[EXERCISE OBJECTIVE]
Count the lines containing "mult" in the entries underneath, and state that count without anything else.
::::
lemma second_difference_dt_dr:
  fixes f :: "real \<times> real \<Rightarrow> real"
  assumes h: "h > 0"
    and square: "\<And>x y. x \<in> {t..t + h} \<Longrightarrow> y \<in> {r..r + h} \<Longrightarrow> (x, y) \<in> U"
    and df: "\<forall>q\<in>U. f differentiable (at q)" and ddf: "\<forall>q\<in>U. dt f differentiable (at q)"
  obtains \<xi> \<eta> where "\<xi> \<in> {t<..<t + h}" "\<eta> \<in> {r<..<r + h}"
    "f (t + h, r + h) - f (t + h, r) - f (t, r + h) + f (t, r) = h * h * dr (dt f) (\<xi>, \<eta>)"
proof -
  have "t < t + h" "r < r + h" using h by simp_all
  have D1: "((\<lambda>x. f (x, r + h) - f (x, r)) has_real_derivative dt f (x, r + h) - dt f (x, r)) (at x)"
    if "t \<le> x" "x \<le> t + h" for x
    using that h square df by (intro DERIV_diff has_real_derivative_t_slice) auto
  from MVT2[OF \<open>t < t + h\<close> D1] obtain \<xi> where \<xi>: "t < \<xi>" "\<xi> < t + h"
    "f (t + h, r + h) - f (t + h, r) - (f (t, r + h) - f (t, r)) = h * (dt f (\<xi>, r + h) - dt f (\<xi>, r))"
    by auto
  have D2: "((\<lambda>y. dt f (\<xi>, y)) has_real_derivative dr (dt f) (\<xi>, y)) (at y)"
    if "r \<le> y" "y \<le> r + h" for y
    using that \<xi> square ddf by (intro has_real_derivative_r_slice) auto
  from MVT2[OF \<open>r < r + h\<close> D2] obtain \<eta> where \<eta>: "r < \<eta>" "\<eta> < r + h"
    "dt f (\<xi>, r + h) - dt f (\<xi>, r) = h * dr (dt f) (\<xi>, \<eta>)"
    by auto
  show thesis
  proof (rule that[of \<xi> \<eta>])
    show "f (t + h, r + h) - f (t + h, r) - f (t, r + h) + f (t, r) = h * h * dr (dt f) (\<xi>, \<eta>)"
      using \<xi>(3) unfolding \<eta>(3) by (simp add: mult.assoc)
  qed (use \<xi> \<eta> in auto)
qed

lemma second_difference_dr_dt:
  fixes f :: "real \<times> real \<Rightarrow> real"
  assumes h: "h > 0"
    and square: "\<And>x y. x \<in> {t..t + h} \<Longrightarrow> y \<in> {r..r + h} \<Longrightarrow> (x, y) \<in> U"
    and df: "\<forall>q\<in>U. f differentiable (at q)" and ddf: "\<forall>q\<in>U. dr f differentiable (at q)"
  obtains \<xi> \<eta> where "\<xi> \<in> {t<..<t + h}" "\<eta> \<in> {r<..<r + h}"
    "f (t + h, r + h) - f (t + h, r) - f (t, r + h) + f (t, r) = h * h * dt (dr f) (\<xi>, \<eta>)"
proof -
  have "t < t + h" "r < r + h" using h by simp_all
  have D1: "((\<lambda>y. f (t + h, y) - f (t, y)) has_real_derivative dr f (t + h, y) - dr f (t, y)) (at y)"
    if "r \<le> y" "y \<le> r + h" for y
    using that h square df by (intro DERIV_diff has_real_derivative_r_slice) auto
  from MVT2[OF \<open>r < r + h\<close> D1] obtain \<eta> where \<eta>: "r < \<eta>" "\<eta> < r + h"
    "f (t + h, r + h) - f (t, r + h) - (f (t + h, r) - f (t, r)) = h * (dr f (t + h, \<eta>) - dr f (t, \<eta>))"
    by auto
  have D2: "((\<lambda>x. dr f (x, \<eta>)) has_real_derivative dt (dr f) (x, \<eta>)) (at x)"
    if "t \<le> x" "x \<le> t + h" for x
    using that \<eta> square ddf by (intro has_real_derivative_t_slice) auto
  from MVT2[OF \<open>t < t + h\<close> D2] obtain \<xi> where \<xi>: "t < \<xi>" "\<xi> < t + h"
    "dr f (t + h, \<eta>) - dr f (t, \<eta>) = h * dt (dr f) (\<xi>, \<eta>)"
    by auto
  show thesis
  proof (rule that[of \<xi> \<eta>])
    show "f (t + h, r + h) - f (t + h, r) - f (t, r + h) + f (t, r) = h * h * dt (dr f) (\<xi>, \<eta>)"
      using \<eta>(3) unfolding \<xi>(3) by (simp add: mult.assoc)
  qed (use \<xi> \<eta> in auto)
qed

text \<open>Both equal the limit of the normalised second difference
  over shrinking squares, which is compared within any tolerance e.\<close>
lemma mixed_partials_commute:
  fixes f :: "real \<times> real \<Rightarrow> real"
  assumes U: "open U" "p \<in> U"
    and df: "\<forall>q\<in>U. f differentiable (at q)"
    and ddf: "\<forall>q\<in>U. dt f differentiable (at q) \<and> dr f differentiable (at q)"
    and cont: "continuous_on U (dr (dt f))" "continuous_on U (dt (dr f))"
  shows "dr (dt f) p = dt (dr f) p"
proof (rule dense_eq0_I[THEN eq_iff_diff_eq_0[THEN iffD2]])
  fix e :: real
  assume "e > 0"
  then have "e / 2 > 0" by simp
  obtain d1 where d1: "d1 > 0"
      "\<forall>q\<in>U. dist q p < d1 \<longrightarrow> dist (dr (dt f) q) (dr (dt f) p) < e / 2"
    using cont(1) U(2) \<open>e / 2 > 0\<close> unfolding continuous_on_iff by blast
  obtain d2 where d2: "d2 > 0"
      "\<forall>q\<in>U. dist q p < d2 \<longrightarrow> dist (dt (dr f) q) (dt (dr f) p) < e / 2"
    using cont(2) U(2) \<open>e / 2 > 0\<close> unfolding continuous_on_iff by blast
  obtain \<rho> where \<rho>: "\<rho> > 0" "ball p \<rho> \<subseteq> U" using U open_contains_ball by blast
  obtain t r where p: "p = (t, r)" by fastforce
  define h where "h = min \<rho> (min d1 d2) / 3"
  have h: "h > 0" and h_small: "3 * h \<le> \<rho>" "3 * h \<le> d1" "3 * h \<le> d2"
    using \<rho> d1 d2 by (simp_all add: h_def)
  have near: "(x, y) \<in> U \<and> dist (x, y) p < d1 \<and> dist (x, y) p < d2"
    if "x \<in> {t..t + h}" "y \<in> {r..r + h}" for x y
  proof -
    have "dist (x, y) p \<le> dist x t + dist y r"
      using norm_Pair_le[of "x - t" "y - r"] by (simp add: p dist_norm)
    also have "\<dots> \<le> 2 * h"
      using that by (simp add: dist_real_def)
    finally show ?thesis using h h_small \<rho>(2) by (auto simp: dist_commute)
  qed
  then have square: "(x, y) \<in> U" if "x \<in> {t..t + h}" "y \<in> {r..r + h}" for x y
    using that by blast
  obtain \<xi> \<eta> where \<xi>\<eta>: "\<xi> \<in> {t<..<t + h}" "\<eta> \<in> {r<..<r + h}"
    "f (t + h, r + h) - f (t + h, r) - f (t, r + h) + f (t, r) = h * h * dr (dt f) (\<xi>, \<eta>)"
    using second_difference_dt_dr[OF h square] df ddf by blast
  obtain \<xi>' \<eta>' where \<xi>\<eta>': "\<xi>' \<in> {t<..<t + h}" "\<eta>' \<in> {r<..<r + h}"
    "f (t + h, r + h) - f (t + h, r) - f (t, r + h) + f (t, r) = h * h * dt (dr f) (\<xi>', \<eta>')"
    using second_difference_dr_dt[OF h square] df ddf by blast
  have "dr (dt f) (\<xi>, \<eta>) = dt (dr f) (\<xi>', \<eta>')" using \<xi>\<eta>(3) \<xi>\<eta>'(3) h by simp
  moreover have "\<bar>dr (dt f) (\<xi>, \<eta>) - dr (dt f) p\<bar> < e / 2"
    using d1(2) near[of \<xi> \<eta>] \<xi>\<eta>(1,2) by (auto simp: dist_real_def)
  moreover have "\<bar>dt (dr f) (\<xi>', \<eta>') - dt (dr f) p\<bar> < e / 2"
    using d2(2) near[of \<xi>' \<eta>'] \<xi>\<eta>'(1,2) by (auto simp: dist_real_def)
  ultimately show "\<bar>dr (dt f) p - dt (dr f) p\<bar> \<le> e" by linarith
qed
::::
[SOLUTION TO THE EXERCISE]
2